Obviously, it will be necessary to turn back at this point. But she has come so far. Now that she is out here, she doesn’t want to turn back. Suppose she can jump the gap? She doesn’t have a great deal of experience in jumping over things. But surely that distance is doable.
The boards immediately in front of the gap are not very stable, and they creak and sag as she edges her way closer to the gap. But finally she gets close enough and flings herself onto solid earth. She stumbles but catches herself.
There, she has done it. She looks around. It is, in all honesty, not that much different from the forest on the other side of the bridge, albeit the undergrowth grows thick and exuberant here.
There is something of a path, though the forest has begun to retake it. Obviously since the bridge is broken, it must have been a long time since anyone had travelled this path. She finds a strange satisfaction in that. The path belongs to her. And anyone else with the guts to jump the gap, but there can’t be many others.
Actually, she is a bit worried about getting back. She knows she can make the jump now, but she will have to land on those creaky planks, instead of the solid hillside.

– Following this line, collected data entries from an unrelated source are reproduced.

text \<open>Every cell \<open>p\<close> is at distance at most 3 from the first row: through the part of
  the first square containing \<open>p\<close>, which meets the first row.\<close>
lemma rv_cops_win:
  assumes "r \<in> V" "r \<notin> occ (Suc k) (row_cop(k := Blk (row k 1)))"
  shows "rv_win adj (Suc k) (row_cop(k := Blk (row k 1))) r"
proof (cases r)
  case (Blk S)
  then have "line S" using assms(1) by simp
  moreover have "S \<notin> rows_set k" using assms(2) Blk by (auto simp: occ_fun_upd_last occ_row_cops)
  ultimately show ?thesis using Blk rv_part by (simp add: line_def)
next
  case (Cell p)
  have one: "(1::nat) \<in> {1..k-1}" "(1::nat) \<in> {1..k}" using two_le_k by auto
  have "p \<in> cells k" using assms(1) Cell by simp
  then obtain n where n: "n \<in> {1..k}" "p \<in> Ls 1 n" using cell_in_part[OF one(1)] by blast
  then have S: "Ls 1 n \<in> parts_set k Ls" using one unfolding parts_set_def by blast
  show ?thesis
    using rv_chaser_at_distance_3[OF line_part[OF S] n(2) conjunct1[OF row_point[OF S one(2)]]
        line_row[OF one(2)] row_point_in_row[OF S one(2)]] Cell by simp
qed

lemma rv_cop_number_le: "rv_cop_number V adj \<le> Suc k"
  unfolding rv_cop_number_def
proof (rule Least_le, intro exI conjI)
  show "\<forall>i<Suc k. (row_cop(k := Blk (row k 1))) i \<in> V"
    using row_cop_in_V line_row two_le_k by (simp add: less_Suc_eq)
  show "\<forall>r\<in>V. r \<notin> occ (Suc k) (row_cop(k := Blk (row k 1))) \<longrightarrow>
      rv_win adj (Suc k) (row_cop(k := Blk (row k 1))) r"
    using rv_cops_win by blast
qed

lemma edge_cop_number_ge: "k * (k - 1) \<le> edge_cop_number V adj"
proof (rule G.edge_cop_number_ge)
  show "finite V" by (rule finite_V)
  have "Cell (1, 1) \<in> V" using two_le_k by (simp add: mem_cells)
  then show "V \<noteq> {}" by blast
qed

end

theorem lemma3:
  fixes k :: nat and Ls :: "nat \<Rightarrow> nat \<Rightarrow> (nat \<times> nat) set"
  assumes "\<exists>p e. prime p \<and> e \<ge> 1 \<and> k = p ^ e"
    and "MOLS k Ls"
  shows "cop_number (Gk_V k Ls) (Gk_adj k Ls) = k \<and>
         rv_cop_number (Gk_V k Ls) (Gk_adj k Ls) \<le> k + 1 \<and>
         edge_cop_number (Gk_V k Ls) (Gk_adj k Ls) \<ge> k * (k - 1)"
proof -
  obtain p e where pe: "prime p" "e \<ge> 1" "k = p ^ e" using assms(1) by blast
  have "2 \<le> p" using prime_ge_2_nat[OF pe(1)] .
  also have "p \<le> p ^ e" using \<open>2 \<le> p\<close> pe(2) by (simp add: self_le_power)
  finally have "2 \<le> k" using pe(3) by simp
  interpret mols_graph k Ls using assms(2) \<open>2 \<le> k\<close> by unfold_locales
  show ?thesis using cop_number_eq rv_cop_number_le edge_cop_number_ge by simp
qed

end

That can wait, now that she is finally here, she has to fully take in the moment.
She walks down the overgrown path, noticing flowers and birdsong and the way the light falls through the leaves. A hummingbird flits through the woods. These are rare in her region. She’s only seen one once before, and to see one now feels like a reward for finally making the crossing.

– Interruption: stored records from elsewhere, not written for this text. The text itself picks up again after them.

text \<open>If \<open>P\<close> is the separable state nearest to \<open>\<sigma>\<close>, the hyperplane through \<open>P\<close>
  orthogonal to \<open>\<sigma> - P\<close> separates \<open>\<sigma>\<close> from all separable states; as an operator this is
  \<open>W = (P - \<sigma>) - c I\<close> with \<open>c = Re \<langle>P - \<sigma>, P\<rangle>\<close>.\<close>
lemma separating_witness_exists:
  assumes \<sigma>: "density_op (prod_list dims) \<sigma>" and entangled: "\<not> separable dims \<sigma>"
  shows "\<exists>W. entanglement_witness dims W \<and> Re (mtrace (W * \<sigma>)) < 0"
proof -
  let ?D = "prod_list dims"
  note \<sigma>c = density_op_carrier[OF \<sigma>]
  obtain P where P: "separable dims P"
    and nearest: "\<And>\<tau>. separable dims \<tau> \<Longrightarrow> hs_dist2 ?D \<sigma> P \<le> hs_dist2 ?D \<sigma> \<tau>"
    using nearest_separable_exists[OF density_op_dim_pos[OF \<sigma>]] by blast
  note Pc = separable_carrier[OF P]
  define W0 where "W0 = P - \<sigma>"
  have W0: "W0 \<in> carrier_mat ?D ?D" "hermitian_mat W0"
    unfolding W0_def using Pc \<sigma>c separable_hermitian[OF P] \<sigma>
    by (auto intro: hermitian_mat_minus simp: density_op_def)
  define ip where "ip X = (\<Sum>a<?D. \<Sum>b<?D. Re (cnj (W0 $$ (a,b)) * X $$ (a,b)))" for X
  define W where "W = W0 - complex_of_real (ip P) \<cdot>\<^sub>m 1\<^sub>m ?D"
  have Wc: "W \<in> carrier_mat ?D ?D" unfolding W_def by (rule minus_carrier_mat) simp
  have W_trace: "Re (mtrace (W * X)) = ip X - ip P" if "X \<in> carrier_mat ?D ?D" "mtrace X = 1" for X
    unfolding W_def mtrace_mult_minus_scalar_one[OF W0(1) that(1)] mtrace_mult_hermitian[OF W0 that(1)]
    using that(2) by (simp add: ip_def Re_sum)
  have ip_diff: "ip X - ip P =
      - (\<Sum>a<?D. \<Sum>b<?D. Re (cnj (\<sigma> $$ (a,b) - P $$ (a,b)) * (X $$ (a,b) - P $$ (a,b))))"
    for X
    using Pc \<sigma>c unfolding ip_def W0_def
    by (simp add: sum_subtractf sum_negf[symmetric] algebra_simps)
  have "hermitian_mat W"
    unfolding W_def
    by (rule hermitian_mat_minus[OF W0(1) _ W0(2)
          hermitian_mat_smult_real[OF one_carrier_mat hermitian_mat_one]])
      simp
  moreover have "0 \<le> Re (mtrace (W * \<tau>))" if "separable dims \<tau>" for \<tau>
    using W_trace[OF separable_carrier[OF that] mtrace_separable[OF that]] ip_diff[of \<tau>]
      nearest_separable_obtuse[OF P that nearest] by simp
  moreover have "Re (mtrace (W * \<sigma>)) < 0"
  proof -
    have "ip \<sigma> - ip P = - hs_dist2 ?D \<sigma> P"
      unfolding ip_diff hs_dist2_def Re_cnj_mult_self by simp
    moreover have "hs_dist2 ?D \<sigma> P \<noteq> 0" using hs_dist2_eq_0_iff[OF \<sigma>c Pc] P entangled by blast
    ultimately show ?thesis
      using W_trace[OF \<sigma>c] \<sigma> hs_dist2_nonneg[of ?D \<sigma> P] unfolding density_op_def by simp
  qed
  ultimately show ?thesis unfolding entanglement_witness_def using Wc by blast
qed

As she walks, though, anxiety about getting back pools in her stomach. Soon, perhaps too soon, she feels she has to return to her side of the bridge just to be sure she can.
The bare planks stretching out towards her feel mocking rather than reassuring. She looks down into the gap uncertainly. The slope of the hillside and thick branches make it difficult to judge how bad a fall might be. It isn’t a tremendous distance, at least not until past the point where she is likely to fall. But it would almost certainly be more than the maximum jarring hop one might undertake voluntarily.
But jump she must, whether she is bound to fall or not. There might have been some controversy about whether crossing the bridge was strictly necessary, but getting back is certainly mandatory.
She gathers herself, takes a running start, and jumps. Her foot strikes a plank; it bent but seems to hold, but her other foot strikes an unstable plank that twists underfoot and she looses her balance. She falls, crashes through branches, hits the ground hard and rolls downhill into the creek.
Wet, muddy and stunned, she sits up. Her jeans are torn and her leg badly scraped, but on the whole, she is unharmed. She sits in the creek for a few moments while her mind catches up with her predicament. The cool water feels good on her bruises, but the water makes her clothes heavy and uncomfortable.
She stands up on shaky legs and begins to slog through the creek towards her side of the bridge. At this point, she has to concede that she’d never been meant to cross the bridge, though it was conceivable she might think differently later.